Alexander Malofeev is a twenty-five-year-old Russian pianist now resident in Berlin whose debut album for Sony entitled 'forgotten melodies' is of a mastery, a pianism and poetry extraordinary at any age. His programme, alive with Russian nostalgia, is gloriously enterprising; Glinka, Medtner and Glazunov as well as Rachmaninov, and throughout, the playing is of a colour , imaginative reach and naturalness rare in even the finest pianists. In Balakirev's florid transcription of Glinka's 'The Lark' Malofeev makes it difficult to imagine an equal warmth and poetic freedom. He is gentle and confiding in Glinka's Mazurka, taking its cue from Chopin's formidable fifty-eight examples of the genre,   playful in the 'Polka,' magical and insinuating in the 'Waltz.'

   His most substantial offering on CD 1 is Medtner's set of 'Forgotten Melodies'(Malofeev's title) where he takes all the time in the world to 'sing' of his delight and commitment to his all-Russian theme, to its alternation of brooding and volubility. I doubt whether Medtner has had a more  persuasive or insinuating advocate. From others he may seem rambling and discursive, but not from Malofeev.

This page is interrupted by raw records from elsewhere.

(* Let $\epsilon,h_b\ge0$ and, for $\mathrm U\ge0$, $E(\mathrm U):=\min_{k\in\mathbb T^2}\min\sigma(A(\mathrm U,k))$. Then $\mathrm U\mapsto E(\mathrm U)$ is increasing and the limit $E(\infty):=\lim_{\mathrm U\to\infty}E(\mathrm U)$ exists and equals $\sup_{\mathrm U\ge0}E(\mathrm U)\le0$.
   Context: Notation: $\mathbb T^2=[-\pi,\pi)^2$ with normalized Haar measure $\nu$; $L^2(\mathbb T^2)=L^2(\mathbb T^2,\nu)$, scalar product antilinear in the first argument. For $f\in\ell^1(\mathbb Z^2)$, $\hat f(k)=\sum_{x}e^{ik\cdot x}f(x)$, $k\in\mathbb R^2$. $\hat{\mathfrak e}_x(p)=e^{ip\cdot x}$; $P_x$ the orthogonal projection onto $\mathbb C\hat{\mathfrak e}_x$; $M_g$ multiplication by $g$; $\cos(q):=\cos q_1+\cos q_2$. Data: $\epsilon,h_b\ge0$; $\mathrm u:\mathbb Z^2\to[0,\infty)$, $\upsilon,\mathfrak p_1,\mathfrak p_2:\mathbb Z^2\to\mathbb R$, all invariant under $90^\circ$-rotations, $\mathrm u,\upsilon$ absolutely summable, $\sum_z e^{\alpha_0|z|}|\mathfrak p_j(z)|<\infty$ for some $\alpha_0>0$, $\mathfrak p_2(z)=0$ for $z\notin(2\mathbb Z)^2$, $\mathfrak p_1+\mathfrak p_2\neq0$, and for every $k$ some $x$ with $\mathfrak p_2(x)\neq-e^{ik\cdot x/2}\mathfrak p_1(x)$. For $k,p\in\mathbb T^2$: $\mathfrak b(k)=h_b\epsilon(2-\cos k)$, $\mathfrak f(k)(p)=\epsilon(4-\cos(p+k)-\cos p)$, $\mathfrak d(k)(p)=\hat{\mathfrak p}_1(k+p)+\hat{\mathfrak p}_2(k/2+p)$. $A_{1,1}(\mathrm U,k)=M_{\mathfrak f(k)}+\sum_x\mathrm u(x)P_x+\mathrm UP_0$; on $\mathcal H=L^2(\mathbb T^2)\oplus\mathbb C$, $A(\mathrm U,k)(\varphi,z)=\big(A_{1,1}(\mathrm U,k)\varphi+\hat\upsilon(k)z\,\mathfrak d(k),\ \hat\upsilon(k)\langle\mathfrak d(k),\varphi\rangle+\mathfrak b(k)z\big)$. *)

theory Defs
  imports "HOL-Analysis.Analysis"
begin

text \<open>The torus T^2 is the box [-pi,pi) x [-pi,pi); the normalized Haar measure is
  Lebesgue measure on this box divided by (2 pi)^2.\<close>

type_synonym mom = "real \<times> real"
type_synonym site = "int \<times> int"

definition dotp :: "mom \<Rightarrow> site \<Rightarrow> real" where
  "dotp k x = fst k * real_of_int (fst x) + snd k * real_of_int (snd x)"

definition TT :: "mom set" where
  "TT = {-pi..<pi} \<times> {-pi..<pi}"

definition rot90 :: "site \<Rightarrow> site" where
  "rot90 x = (- snd x, fst x)"

definition lnorm :: "site \<Rightarrow> real" where
  "lnorm z = sqrt ((real_of_int (fst z))^2 + (real_of_int (snd z))^2)"

definition cos2 :: "mom \<Rightarrow> real" where
  "cos2 q = cos (fst q) + cos (snd q)"

definition fhat :: "(site \<Rightarrow> real) \<Rightarrow> mom \<Rightarrow> complex" where
  "fhat f k = (\<Sum>\<^sub>\<infinity>x. exp (\<i> * complex_of_real (dotp k x)) * complex_of_real (f x))"

definition ehat :: "site \<Rightarrow> mom \<Rightarrow> complex" where
  "ehat x p = exp (\<i> * complex_of_real (dotp p x))"

text \<open>L^2(T^2, nu), represented by Borel functions square integrable on the box
  (elements are identified up to nu-a.e. equality, see eqH).\<close>
definition L2T :: "(mom \<Rightarrow> complex) set" where
  "L2T = {\<phi>. \<phi> \<in> borel_measurable lborel \<and> set_integrable lborel TT (\<lambda>p. (cmod (\<phi> p))^2)}"

definition ipT :: "(mom \<Rightarrow> complex) \<Rightarrow> (mom \<Rightarrow> complex) \<Rightarrow> complex" where
  "ipT \<phi> \<psi> = complex_of_real (1 / (4 * pi^2)) * (LINT p:TT|lborel. cnj (\<phi> p) * \<psi> p)"

definition normT :: "(mom \<Rightarrow> complex) \<Rightarrow> real" where
  "normT \<phi> = sqrt ((1 / (4 * pi^2)) * (LINT p:TT|lborel. (cmod (\<phi> p))^2))"

definition projT :: "site \<Rightarrow> (mom \<Rightarrow> complex) \<Rightarrow> (mom \<Rightarrow> complex)" where
  "projT x \<phi> = (\<lambda>p. ipT (ehat x) \<phi> * ehat x p)"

   In Rachmaninov he gives us 'the' Prelude making his listeners listen afresh to the over- familiar, and in the B flat minor Sonata, played in the revised 1931 version--which omits too much of the original from 1913-- the playing is. once again, a dream. You seem to hear the Sonata anew with 'voicing at once subtle and bold, arresting at every level. And while I would never want to be without Van Cliburn's legendary Moscow performance, Malofeev, in a radically different way, holds you with every note; never more so than in final pages where his sudden turn of speed, his velocity is truly breathtaking.

   The climax of the early 'Elegie' blazes as it were out of darkness and the selection from the Etudes-tableaux from opus 33, including  the two extra ones Rachmaninov discarded is, again typical of Malofeev's enterprise.

   Finally, Glazunov and, curiously, a setting other than Manuel de Falla's of 'Song of the Volga Boatmen' while in  'Valse'  there is a natural empathy that makes you long to hear this pianist in the two Sonatas, Glazunov's major keyboard works.

   Sony's sound is superb capturing all of Malofeev's immense dynamic range. In sixty or so years of reviewing I have seldom heard a more remarkable record debut.